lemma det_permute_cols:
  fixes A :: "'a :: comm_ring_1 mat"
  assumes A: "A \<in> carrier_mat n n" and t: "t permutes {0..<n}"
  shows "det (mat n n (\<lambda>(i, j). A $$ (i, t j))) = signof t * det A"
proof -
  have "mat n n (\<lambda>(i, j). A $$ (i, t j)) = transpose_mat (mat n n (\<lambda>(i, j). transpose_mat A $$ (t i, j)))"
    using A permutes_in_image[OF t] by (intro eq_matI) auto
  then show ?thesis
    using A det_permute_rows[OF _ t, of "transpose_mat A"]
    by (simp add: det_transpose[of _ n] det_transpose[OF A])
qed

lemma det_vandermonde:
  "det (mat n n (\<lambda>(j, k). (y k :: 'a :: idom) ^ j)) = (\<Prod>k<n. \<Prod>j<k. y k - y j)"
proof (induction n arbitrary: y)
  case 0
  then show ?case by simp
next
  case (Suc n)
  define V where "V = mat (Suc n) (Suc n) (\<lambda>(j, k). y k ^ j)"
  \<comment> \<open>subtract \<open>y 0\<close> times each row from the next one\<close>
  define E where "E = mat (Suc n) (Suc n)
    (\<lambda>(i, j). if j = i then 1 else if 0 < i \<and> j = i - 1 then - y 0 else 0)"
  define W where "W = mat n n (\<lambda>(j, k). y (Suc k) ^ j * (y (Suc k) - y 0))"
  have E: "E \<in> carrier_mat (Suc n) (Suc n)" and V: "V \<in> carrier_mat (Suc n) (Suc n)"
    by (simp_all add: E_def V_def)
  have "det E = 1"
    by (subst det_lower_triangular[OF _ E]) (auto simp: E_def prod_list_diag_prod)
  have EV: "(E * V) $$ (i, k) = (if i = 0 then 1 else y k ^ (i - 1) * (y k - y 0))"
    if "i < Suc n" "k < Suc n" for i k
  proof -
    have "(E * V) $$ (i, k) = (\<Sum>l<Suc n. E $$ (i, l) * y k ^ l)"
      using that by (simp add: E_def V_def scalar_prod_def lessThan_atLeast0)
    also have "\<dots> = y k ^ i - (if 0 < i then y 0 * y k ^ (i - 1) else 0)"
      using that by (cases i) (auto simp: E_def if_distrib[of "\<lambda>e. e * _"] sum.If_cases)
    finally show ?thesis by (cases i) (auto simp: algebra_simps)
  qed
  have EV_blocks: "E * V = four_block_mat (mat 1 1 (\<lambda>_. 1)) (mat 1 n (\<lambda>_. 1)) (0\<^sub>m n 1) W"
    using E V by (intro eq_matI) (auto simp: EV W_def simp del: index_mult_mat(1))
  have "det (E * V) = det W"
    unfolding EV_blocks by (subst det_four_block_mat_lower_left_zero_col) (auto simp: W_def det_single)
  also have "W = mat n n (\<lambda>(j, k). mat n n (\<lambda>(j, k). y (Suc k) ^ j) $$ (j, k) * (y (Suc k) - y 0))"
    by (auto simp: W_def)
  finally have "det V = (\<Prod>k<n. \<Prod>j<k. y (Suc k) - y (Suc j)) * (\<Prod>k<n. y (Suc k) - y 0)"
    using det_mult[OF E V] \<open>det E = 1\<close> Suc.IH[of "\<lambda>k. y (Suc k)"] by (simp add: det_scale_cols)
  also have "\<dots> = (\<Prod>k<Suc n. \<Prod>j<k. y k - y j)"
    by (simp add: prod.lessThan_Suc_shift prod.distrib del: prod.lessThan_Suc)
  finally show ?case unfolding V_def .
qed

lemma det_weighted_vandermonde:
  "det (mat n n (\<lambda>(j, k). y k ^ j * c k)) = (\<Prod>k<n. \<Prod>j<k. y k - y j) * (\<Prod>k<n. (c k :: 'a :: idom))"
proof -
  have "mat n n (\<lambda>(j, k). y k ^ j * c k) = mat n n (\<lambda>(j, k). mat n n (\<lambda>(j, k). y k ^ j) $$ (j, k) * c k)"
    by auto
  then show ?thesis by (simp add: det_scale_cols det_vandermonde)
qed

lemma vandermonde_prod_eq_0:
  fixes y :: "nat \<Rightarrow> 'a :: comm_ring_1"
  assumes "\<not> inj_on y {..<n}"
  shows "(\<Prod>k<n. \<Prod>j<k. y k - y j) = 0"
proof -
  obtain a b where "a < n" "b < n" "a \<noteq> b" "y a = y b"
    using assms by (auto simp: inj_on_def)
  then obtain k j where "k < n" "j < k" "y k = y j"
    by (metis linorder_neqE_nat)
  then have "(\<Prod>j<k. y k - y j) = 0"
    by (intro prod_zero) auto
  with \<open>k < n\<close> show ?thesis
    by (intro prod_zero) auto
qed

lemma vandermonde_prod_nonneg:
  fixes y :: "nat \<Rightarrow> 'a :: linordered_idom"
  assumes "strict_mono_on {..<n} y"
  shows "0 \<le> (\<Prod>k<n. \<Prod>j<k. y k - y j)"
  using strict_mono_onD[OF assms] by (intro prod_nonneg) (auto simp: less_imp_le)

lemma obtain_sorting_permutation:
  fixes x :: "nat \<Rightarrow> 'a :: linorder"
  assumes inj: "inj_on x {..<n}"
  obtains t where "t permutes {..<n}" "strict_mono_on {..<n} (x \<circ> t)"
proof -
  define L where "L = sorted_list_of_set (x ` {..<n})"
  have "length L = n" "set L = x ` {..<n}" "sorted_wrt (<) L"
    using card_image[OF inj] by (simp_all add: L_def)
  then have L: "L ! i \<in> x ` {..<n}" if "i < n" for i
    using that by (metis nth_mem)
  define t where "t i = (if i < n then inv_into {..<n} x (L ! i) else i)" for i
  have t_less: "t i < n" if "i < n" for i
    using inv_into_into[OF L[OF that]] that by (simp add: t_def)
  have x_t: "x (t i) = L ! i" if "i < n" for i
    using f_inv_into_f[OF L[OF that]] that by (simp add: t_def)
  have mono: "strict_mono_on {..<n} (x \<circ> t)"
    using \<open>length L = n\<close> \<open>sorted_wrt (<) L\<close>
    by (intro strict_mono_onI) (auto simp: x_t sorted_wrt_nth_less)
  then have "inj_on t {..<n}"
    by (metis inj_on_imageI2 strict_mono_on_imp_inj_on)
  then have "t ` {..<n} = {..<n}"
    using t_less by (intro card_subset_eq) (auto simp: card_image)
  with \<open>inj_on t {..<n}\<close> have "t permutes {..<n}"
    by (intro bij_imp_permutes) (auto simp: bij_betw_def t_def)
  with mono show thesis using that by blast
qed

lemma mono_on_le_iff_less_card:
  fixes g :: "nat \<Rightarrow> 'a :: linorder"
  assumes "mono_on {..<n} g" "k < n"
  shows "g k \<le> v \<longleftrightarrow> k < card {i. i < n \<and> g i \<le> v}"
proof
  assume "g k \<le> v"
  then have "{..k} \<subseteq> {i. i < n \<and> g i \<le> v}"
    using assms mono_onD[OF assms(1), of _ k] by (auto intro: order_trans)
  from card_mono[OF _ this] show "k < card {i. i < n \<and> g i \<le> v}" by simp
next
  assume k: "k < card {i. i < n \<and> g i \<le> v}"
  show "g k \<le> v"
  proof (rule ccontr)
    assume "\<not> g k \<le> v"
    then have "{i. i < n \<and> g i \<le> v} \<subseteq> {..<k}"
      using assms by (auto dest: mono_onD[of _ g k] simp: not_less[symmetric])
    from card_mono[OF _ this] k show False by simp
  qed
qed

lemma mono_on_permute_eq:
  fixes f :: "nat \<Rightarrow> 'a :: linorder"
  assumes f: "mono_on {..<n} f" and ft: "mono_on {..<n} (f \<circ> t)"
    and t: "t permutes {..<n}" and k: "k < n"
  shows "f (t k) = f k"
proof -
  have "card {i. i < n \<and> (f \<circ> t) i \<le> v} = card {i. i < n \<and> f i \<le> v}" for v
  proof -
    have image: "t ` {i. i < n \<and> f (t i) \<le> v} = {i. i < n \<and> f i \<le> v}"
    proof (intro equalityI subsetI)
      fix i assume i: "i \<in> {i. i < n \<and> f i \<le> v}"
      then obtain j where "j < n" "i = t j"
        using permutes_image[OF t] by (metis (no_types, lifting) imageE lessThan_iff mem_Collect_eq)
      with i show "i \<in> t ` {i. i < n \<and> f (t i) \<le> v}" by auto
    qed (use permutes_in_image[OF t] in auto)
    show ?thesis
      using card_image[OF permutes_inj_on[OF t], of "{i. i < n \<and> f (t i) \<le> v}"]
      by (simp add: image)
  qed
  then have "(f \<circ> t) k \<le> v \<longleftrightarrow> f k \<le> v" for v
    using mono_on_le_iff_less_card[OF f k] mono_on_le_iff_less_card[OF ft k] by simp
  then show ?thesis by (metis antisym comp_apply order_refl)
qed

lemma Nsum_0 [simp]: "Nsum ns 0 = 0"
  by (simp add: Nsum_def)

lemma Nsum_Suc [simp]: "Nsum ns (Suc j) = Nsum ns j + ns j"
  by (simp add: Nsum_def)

━━━━

Description of the task: Respond with a single number, namely how many lines of the entries contain the word "assms".

Completed exercise: 4